**Problem to work on**
Print, exactly as they appear in the listing below, the lines from the line with "then show ?thesis using False by simp" to the line with "real (Suc s", with both end lines kept.
##### Records for the exercise
theorem mainTheorem2:
  fixes L N :: nat and U :: real
  assumes "0 < N" and "N \<le> L" and "0 < U" and "real L > 8 / U"
  shows "finite (LW_solutions L N U) \<and>
         card (LW_solutions L N U) = (L choose N) * (N - 1) \<and>
         (\<forall>S. S \<subseteq> {1..L} \<and> card S = N \<longrightarrow>
              finite (LW_solutions_in L N U S) \<and>
              card (LW_solutions_in L N U S) = N - 1 \<and>
              card (snd ` LW_solutions_in L N U S) = N - 1)"
proof -
  interpret lieb_wu L U using assms(3,4) by unfold_locales
  define \<S> where "\<S> = {S. S \<subseteq> {1..L} \<and> card S = N}"
  have per_S: "finite (LW_solutions_in L N U S) \<and> card (LW_solutions_in L N U S) = N - 1
      \<and> card (snd ` LW_solutions_in L N U S) = N - 1" if "S \<in> \<S>" for S
    using LW_solutions_in_finite_card assms(1) that unfolding \<S>_def by blast
  have "finite \<S>" unfolding \<S>_def by (rule finite_subset[of _ "Pow {1..L}"]) auto
  have "LW_solutions L N U = (\<Union>S\<in>\<S>. LW_solutions_in L N U S)"
    unfolding \<S>_def by (rule LW_solutions_eq_UN)
  moreover have "card (\<Union>S\<in>\<S>. LW_solutions_in L N U S)
      = (\<Sum>S\<in>\<S>. card (LW_solutions_in L N U S))"
    using \<open>finite \<S>\<close> per_S LW_solutions_in_disjoint
    by (intro card_UN_disjoint) (auto simp: \<S>_def)
  moreover have "(\<Sum>S\<in>\<S>. card (LW_solutions_in L N U S)) = (L choose N) * (N - 1)"
    using per_S n_subsets[of "{1..L}" N] unfolding \<S>_def by simp
  ultimately show ?thesis using \<open>finite \<S>\<close> per_S unfolding \<S>_def by auto
qed
section \<open>Regret on every interval\<close>

locale fixed_share_mmw =
  fixes n T :: nat and C Y V :: "nat \<Rightarrow> real mat" and \<alpha> \<eta> :: real
  assumes n: "1 \<le> n" and \<alpha>: "0 < \<alpha>" "\<alpha> < 1" and \<eta>: "0 < \<eta>"
    and C0: "\<And>t. t \<in> {1..T} \<Longrightarrow> psd_mat n (C t)"
    and C1: "\<And>t. t \<in> {1..T} \<Longrightarrow> psd_mat n (1\<^sub>m n - C t)"
    and Y1: "Y 1 \<in> density_mats n" "pd_mat n (Y 1)"
    and V: "\<And>t. t \<in> {1..T} \<Longrightarrow> V (t + 1) =
      (1 / mtrace (mat_exp (mat_ln (Y t) - \<eta> \<cdot>\<^sub>m C t))) \<cdot>\<^sub>m mat_exp (mat_ln (Y t) - \<eta> \<cdot>\<^sub>m C t)"
    and Y: "\<And>t. t \<in> {1..T} \<Longrightarrow> \<forall>U v. orth_mat n U \<and> V (t + 1) = U * mat_diag n v * U\<^sup>T \<longrightarrow>
      Y (t + 1) = U * mat_diag n (\<lambda>j. \<alpha> / real n + (1 - \<alpha>) * v j) * U\<^sup>T"
begin

lemma round_overhead_nonneg: "0 \<le> \<eta>\<^sup>2 / 2 - ln (1 - \<alpha>)"
proof -
  have "ln (1 - \<alpha>) < 0" using \<alpha> by simp
  then show ?thesis using zero_le_power2[of \<eta>] by linarith
qed

lemma one_round:
  assumes t: "t \<in> {1..T}" and Yt: "pd_density_ge n lo (Y t)"
  shows "pd_density_ge n (\<alpha> / n) (Y (t + 1))"
    and "\<And>U. U \<in> density_mats n \<Longrightarrow> \<eta> * (mtrace (Y t * C t) - mtrace (U * C t))
      \<le> mtrace (U * mat_ln (Y (t + 1))) - mtrace (U * mat_ln (Y t)) - ln (1 - \<alpha>) + \<eta>\<^sup>2 / 2"
proof -
  obtain R v where R: "orth_mat n R" and v: "\<forall>i<n. 0 < v i" "(\<Sum>i<n. v i) = 1"
    and VR: "V (t + 1) = orth_diag n R v"
    and exp_step: "\<And>U. U \<in> density_mats n \<Longrightarrow> mtrace (U * mat_ln (Y t)) - \<eta> * mtrace (U * C t)
      + \<eta> * mtrace (Y t * C t) - \<eta>\<^sup>2 / 2 \<le> mtrace (U * orth_diag n R (\<lambda>i. ln (v i)))"
    using matrix_exp_weights_step[OF n Yt C0[OF t] C1[OF t]] \<eta> V[OF t] by (metis less_imp_le)
  note mix = mixing_uniform_step[OF n R v \<alpha> Y[OF t, unfolded VR]]
  show "pd_density_ge n (\<alpha> / n) (Y (t + 1))" by (rule mix(1))
  fix U assume "U \<in> density_mats n"
  then show "\<eta> * (mtrace (Y t * C t) - mtrace (U * C t))
      \<le> mtrace (U * mat_ln (Y (t + 1))) - mtrace (U * mat_ln (Y t)) - ln (1 - \<alpha>) + \<eta>\<^sup>2 / 2"
    using exp_step mix(2) by (fastforce simp: algebra_simps)
qed

lemma iterate_pd_density:
  assumes "t \<in> {1..T + 1}"
  shows "pd_density_ge n (if t = 1 then 0 else \<alpha> / n) (Y t)"
  using assms
proof (induction t)
  case (Suc t)
  show ?case
  proof (cases "t = 0")
    case True then show ?thesis using pd_density_ge_zero[OF Y1] by simp
  next
    case False
    then have "t \<in> {1..T}" using Suc.prems by simp
    then show ?thesis using one_round(1) Suc by (simp del: One_nat_def) (metis Suc_eq_plus1)
  qed
qed simp

lemma potential_step:
  assumes "t \<in> {1..T}" "U \<in> density_mats n"
  shows "\<eta> * (mtrace (Y t * C t) - mtrace (U * C t))
    \<le> mtrace (U * mat_ln (Y (t + 1))) - mtrace (U * mat_ln (Y t)) - ln (1 - \<alpha>) + \<eta>\<^sup>2 / 2"
  using one_round(2)[OF assms(1) iterate_pd_density] assms by simp

lemma regret_from_second_round_le:
  assumes r: "2 \<le> r" and s: "s \<le> T" and U: "U \<in> density_mats n"
  shows "\<eta> * (\<Sum>t=r..s. mtrace (Y t * C t) - mtrace (U * C t))
    \<le> - ln (\<alpha> / n) + real T * (\<eta>\<^sup>2 / 2 - ln (1 - \<alpha>))"
proof -
  have an: "0 < \<alpha> / n" "\<alpha> / n < 1" using n \<alpha> by (auto simp: divide_less_eq)
  define \<phi> where "\<phi> t = mtrace (U * mat_ln (Y t))" for t
  have \<phi>: "ln (\<alpha> / n) \<le> \<phi> t" "\<phi> t \<le> 0" if "2 \<le> t" "t \<le> T + 1" for t
    using mtrace_mult_mat_ln_bounds[OF iterate_pd_density _ U, of t] that an unfolding \<phi>_def by auto
  show ?thesis
  proof (cases "r \<le> s")
    case False
    have "ln (\<alpha> / n) < 0" "0 \<le> real T * (\<eta>\<^sup>2 / 2 - ln (1 - \<alpha>))"
      using an round_overhead_nonneg by simp_all
    then show ?thesis using False by simp
  next
    case True
    have "\<eta> * (\<Sum>t=r..s. mtrace (Y t * C t) - mtrace (U * C t))
        \<le> (\<Sum>t=r..s. (\<phi> (Suc t) - \<phi> t) + (\<eta>\<^sup>2 / 2 - ln (1 - \<alpha>)))"
      unfolding sum_distrib_left \<phi>_def using potential_step r s U
      by (intro sum_mono) (simp add: algebra_simps)
    also have "\<dots> = \<phi> (Suc s) - \<phi> r + real (Suc s - r) * (\<eta>\<^sup>2 / 2 - ln (1 - \<alpha>))"
      using True by (simp add: sum.distrib sum_Suc_diff)
    also have "\<dots> \<le> - ln (\<alpha> / n) + real T * (\<eta>\<^sup>2 / 2 - ln (1 - \<alpha>))"
      using \<phi>[of "Suc s"] \<phi>[of r] r s True round_overhead_nonneg
      by (intro add_mono mult_right_mono) auto
    finally show ?thesis .
  qed
qed
text \<open>The recursion \<open>h\<^sub>1 h\<^sub>m\<^sub>+\<^sub>1 = h\<^sub>m\<^sub>+\<^sub>2 + p h\<^sub>m\<^sub>+\<^sub>1 + c\<^sub>m h\<^sub>m\<close>: among the products \<open>T\<^sub>s T\<^sub>u\<close> with
  \<open>|u| = m + 1\<close>, the reduced ones give \<open>h\<^sub>m\<^sub>+\<^sub>2\<close> and \<open>s = hd u\<close> gives \<open>T\<^sub>t\<^sub>l \<^sub>u + p T\<^sub>u\<close>.\<close>

lemma lmul_h_Suc_Suc:
  assumes "supp_reduced L y"
  shows "lmul_h L q (Suc (Suc m)) y = (\<lambda>v. lmul_h L q 1 (lmul_h L q (Suc m) y) v
           - complex_of_real (pq q) * lmul_h L q (Suc m) y v - branch L m * lmul_h L q m y v)"
proof
  fix v
  let ?p = "complex_of_real (pq q)"
  let ?T = "\<lambda>u. lmul_word L q u y v"
  let ?R = "\<lambda>u. {s\<in>{..<L}. reduced L (s # u)}"
  have split: "(\<Sum>s<L. ?T (s # u)) = (\<Sum>s\<in>?R u. ?T (s # u)) + (?T (tl u) + ?p * ?T u)"
    if "u \<in> words L (Suc m)" for u
  proof -
    from that obtain a w where u: "u = a # w" "a < L" "reduced L u"
      by (auto simp: words_def reduced_Cons length_Suc_conv)
    then have "{..<L} = insert a (?R u)" "a \<notin> ?R u"
      by (auto simp: reduced_Cons)
    then have "(\<Sum>s<L. ?T (s # u)) = ?T (a # u) + (\<Sum>s\<in>?R u. ?T (s # u))"
      by (metis (no_types, lifting) finite_lessThan finite_insert sum.insert)
    also have "?T (a # u) = ?T (tl u) + ?p * ?T u"
      using lmul_gen_twice[OF supp_reduced_lmul_word[OF assms, of q w] \<open>a < L\<close>, of q] u
      by (simp add: fun_eq_iff)
    finally show ?thesis by simp
  qed
  have "lmul_h L q 1 (lmul_h L q (Suc m) y) v = (\<Sum>u\<in>words L (Suc m). \<Sum>s<L. ?T (s # u))"
    unfolding lmul_h_1 unfolding lmul_h_def
    by (simp add: lin_op_sum[OF lin_op_lmul_gen]) (rule sum.swap)
  also have "\<dots> = (\<Sum>u\<in>words L (Suc m). \<Sum>s\<in>?R u. ?T (s # u))
      + ((\<Sum>u\<in>words L (Suc m). ?T (tl u)) + ?p * (\<Sum>u\<in>words L (Suc m). ?T u))"
    by (simp only: split sum.distrib sum_distrib_left cong: sum.cong)
  also have "(\<Sum>u\<in>words L (Suc m). \<Sum>s\<in>?R u. ?T (s # u)) = lmul_h L q (Suc (Suc m)) y v"
    unfolding lmul_h_def sum_words_Suc[of _ _ "Suc m"] ..
  also have "(\<Sum>u\<in>words L (Suc m). ?T (tl u)) = branch L m * lmul_h L q m y v"
    unfolding lmul_h_def by (rule sum_words_Suc_tl)
  finally show "lmul_h L q (Suc (Suc m)) y v = lmul_h L q 1 (lmul_h L q (Suc m) y) v
           - ?p * lmul_h L q (Suc m) y v - branch L m * lmul_h L q m y v"
    by (simp add: lmul_h_def)
qed

lemma hmult_hsum_left: "hmult L q (hsum L m) y = lmul_h L q m y"
proof -
  have "{w. hsum L m w \<noteq> 0} = words L m" by (auto simp: hsum_def words_def)
  then show ?thesis by (simp add: hmult_def lmul_h_def hsum_def words_def)
qed

lemma hecke_lmul_h: "y \<in> hecke L \<Longrightarrow> lmul_h L q m y \<in> hecke L"
proof -
  assume y: "y \<in> hecke L"
  have "{v. lmul_h L q m y v \<noteq> 0} \<subseteq> (\<Union>u\<in>words L m. {v. lmul_word L q u y v \<noteq> 0})"
    by (auto simp: lmul_h_def elim: sum.not_neutral_contains_not_neutral)
  moreover have "finite (\<Union>u\<in>words L m. {v. lmul_word L q u y v \<noteq> 0})"
    using hecke_lmul_word[OF y] by (auto simp: hecke_def)
  ultimately show ?thesis
    using supp_reduced_lmul_h[OF supp_reduced_hecke[OF y], of q m]
    unfolding hecke_def supp_reduced_def by (blast intro: finite_subset)
qed

lemma hsum_eq_rmul_h_delta: "hsum L n = rmul_h L q n (delta_vec [])"
proof -
  have "lmul_h L q n (delta_vec []) v = hsum L n v" for v
  proof -
    have "lmul_h L q n (delta_vec []) v = (\<Sum>u\<in>words L n. delta_vec u v)"
      unfolding lmul_h_def by (rule sum.cong) (simp_all add: words_def lmul_word_delta_Nil)
    also have "\<dots> = (if v \<in> words L n then 1 else 0)"
      unfolding delta_vec_def eq_commute[of v] by (rule sum.delta[OF finite_words])
    finally show ?thesis by (simp add: hsum_def words_def)
  qed
  then have "lmul_h L q n (delta_vec []) = hsum L n" ..
  moreover have "rev_vec (delta_vec []) = delta_vec []" "rev_vec (hsum L n) = hsum L n"
    by (auto simp: rev_vec_def delta_vec_def hsum_def)
  ultimately show ?thesis by (metis rmul_h_eq_rev_vec)
qed

lemma hmult_hsum_right:
  assumes "x \<in> hecke L"
  shows "hmult L q x (hsum L n) = rmul_h L q n x"
proof -
  let ?X = "{w. x w \<noteq> 0}"
  have fin: "finite ?X" and red: "\<And>w. w \<in> ?X \<Longrightarrow> reduced L w"
    using assms by (auto simp: hecke_def)
  have "lmul_word L q w (hsum L n) = rmul_h L q n (delta_vec w)" if "w \<in> ?X" for w
    using red[OF that]
    by (simp add: hsum_eq_rmul_h_delta[of _ _ q] lmul_word_rmul_h_commute reduced_def lmul_word_delta_Nil)
  then have "hmult L q x (hsum L n) = rmul_h L q n (\<lambda>v. \<Sum>w\<in>?X. x w * delta_vec w v)"
    by (simp add: hmult_def lin_op_sum[OF lin_op_rmul_h fin] lin_op_scale[OF lin_op_rmul_h])
  also have "(\<lambda>v. \<Sum>w\<in>?X. x w * delta_vec w v) = x"
  proof
    fix v
    have "(\<Sum>w\<in>?X. x w * delta_vec w v) = (\<Sum>w\<in>?X. if w = v then x v else 0)"
      by (rule sum.cong) (auto simp: delta_vec_def)
    then show "(\<Sum>w\<in>?X. x w * delta_vec w v) = x v"
      by (simp add: sum.delta[OF fin])
  qed
  finally show ?thesis .
qed

lemma hmult_hsum_both:
  "y \<in> hecke L \<Longrightarrow> hmult L q (hmult L q (hsum L m) y) (hsum L n) = rmul_h L q n (lmul_h L q m y)"
  by (simp add: hmult_hsum_left hmult_hsum_right hecke_lmul_h)

lemma rmul_h_Suc_Suc:
  assumes "supp_reduced L y"
  shows "rmul_h L q (Suc (Suc m)) y = (\<lambda>v. rmul_h L q 1 (rmul_h L q (Suc m) y) v
           - complex_of_real (pq q) * rmul_h L q (Suc m) y v - branch L m * rmul_h L q m y v)"
  using lmul_h_Suc_Suc[OF supp_reduced_rev_vec[OF assms], of q m]
  by (simp add: rmul_h_eq_rev_vec) (simp add: rev_vec_def)

section \<open>Three-term recursions\<close>

definition tridiagonal :: "(vec \<Rightarrow> vec) \<Rightarrow> complex \<Rightarrow> complex \<Rightarrow> (nat \<Rightarrow> vec) \<Rightarrow> bool" where
  "tridiagonal H p c Y \<longleftrightarrow>
     (\<forall>k. H (Y k) = (\<lambda>v. Y (Suc k) v + p * Y k v + (if 0 < k then c * Y (k - 1) v else 0)))"

text \<open>\<open>hcoef p L m k\<close> is the coefficient of \<open>Y\<^sub>k\<close> in \<open>h\<^sub>m Y\<^sub>0\<close> when \<open>h\<^sub>1\<close> acts tridiagonally on \<open>Y\<close>;
  its recursion is that of \<open>lmul_h_Suc_Suc\<close>.\<close>

fun hcoef :: "real \<Rightarrow> real \<Rightarrow> nat \<Rightarrow> nat \<Rightarrow> real" where
  "hcoef p L 0 k = (if k = 0 then 1 else 0)"
| "hcoef p L (Suc 0) k = (if k = 1 then 1 else if k = 0 then p else 0)"
| "hcoef p L (Suc (Suc m)) k = (if 0 < k then hcoef p L (Suc m) (k - 1) else 0)
      + (L - 1) * hcoef p L (Suc m) (Suc k) - (if m = 0 then L else L - 1) * hcoef p L m k"

lemma hcoef_eq_0: "m < k \<Longrightarrow> hcoef p L m k = 0"
  by (induction p L m k rule: hcoef.induct) auto

lemma hcoef_diag: "hcoef p L m m = 1"
proof (induction m rule: less_induct)
  case (less m)
  consider "m = 0" | "m = Suc 0" | k where "m = Suc (Suc k)"
    by (metis not0_implies_Suc)
  then show ?case
    by cases (auto simp: hcoef_eq_0 less.IH)
qed

lemma tridiagonal_sum:
  assumes "lin_op H" "tridiagonal H p c Y" and a: "\<And>k. N < k \<Longrightarrow> a k = 0"
  shows "H (\<lambda>v. \<Sum>k\<le>N. a k * Y k v) = (\<lambda>v. \<Sum>k\<le>Suc N.
           ((if 0 < k then a (k - 1) else 0) + p * a k + c * a (Suc k)) * Y k v)"
proof
  fix v
  have up: "(\<Sum>k\<le>N. a k * Y (Suc k) v) = (\<Sum>k\<le>Suc N. (if 0 < k then a (k - 1) else 0) * Y k v)"
    unfolding sum.atMost_Suc_shift[of _ N] by simp
  have down: "(\<Sum>k\<le>N. if 0 < k then c * a k * Y (k - 1) v else 0) = (\<Sum>k\<le>Suc N. c * a (Suc k) * Y k v)"
  proof -
    have "(\<Sum>k\<le>N. if 0 < k then c * a k * Y (k - 1) v else 0)
        = (\<Sum>k\<le>Suc N. if 0 < k then c * a k * Y (k - 1) v else 0)"
      using a[of "Suc N"] by simp
    also have "\<dots> = (\<Sum>k\<le>N. c * a (Suc k) * Y k v)"
      unfolding sum.atMost_Suc_shift[of _ N] by simp
    also have "\<dots> = (\<Sum>k\<le>Suc N. c * a (Suc k) * Y k v)"
      using a[of "Suc (Suc N)"] by simp
    finally show ?thesis .
  qed
  have "H (\<lambda>v. \<Sum>k\<le>N. a k * Y k v) v = (\<Sum>k\<le>N. a k * H (Y k) v)"
    by (simp add: lin_op_sum[OF assms(1)] lin_op_scale[OF assms(1)])
  also have "\<dots> = (\<Sum>k\<le>N. a k * Y (Suc k) v) + (\<Sum>k\<le>N. p * a k * Y k v)
       + (\<Sum>k\<le>N. if 0 < k then c * a k * Y (k - 1) v else 0)"
    using assms(2) unfolding tridiagonal_def
    by (simp add: sum.distrib[symmetric] algebra_simps if_distrib cong: if_cong)
  also have "(\<Sum>k\<le>N. p * a k * Y k v) = (\<Sum>k\<le>Suc N. p * a k * Y k v)"
    using a by simp
  also have "(\<Sum>k\<le>N. a k * Y (Suc k) v) + (\<Sum>k\<le>Suc N. p * a k * Y k v)
       + (\<Sum>k\<le>N. if 0 < k then c * a k * Y (k - 1) v else 0)
     = (\<Sum>k\<le>Suc N. ((if 0 < k then a (k - 1) else 0) + p * a k + c * a (Suc k)) * Y k v)"
    unfolding up down sum.distrib[symmetric] by (rule sum.cong) (simp_all add: algebra_simps)
  finally show "H (\<lambda>v. \<Sum>k\<le>N. a k * Y k v) v = (\<Sum>k\<le>Suc N.
           ((if 0 < k then a (k - 1) else 0) + p * a k + c * a (Suc k)) * Y k v)" .
qed

lemma sum_atMost_extend:
  fixes f :: "nat \<Rightarrow> 'a::comm_monoid_add"
  shows "(\<And>k. m < k \<Longrightarrow> f k = 0) \<Longrightarrow> m \<le> M \<Longrightarrow> (\<Sum>k\<le>m. f k) = (\<Sum>k\<le>M. f k)"
  by (rule sum.mono_neutral_left) auto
##########
**Answer to this task**
    then show ?thesis using False by simp
  next
    case True
    have "\<eta> * (\<Sum>t=r..s. mtrace (Y t * C t) - mtrace (U * C t))
        \<le> (\<Sum>t=r..s. (\<phi> (Suc t) - \<phi> t) + (\<eta>\<^sup>2 / 2 - ln (1 - \<alpha>)))"
      unfolding sum_distrib_left \<phi>_def using potential_step r s U
      by (intro sum_mono) (simp add: algebra_simps)
    also have "\<dots> = \<phi> (Suc s) - \<phi> r + real (Suc s - r) * (\<eta>\<^sup>2 / 2 - ln (1 - \<alpha>))"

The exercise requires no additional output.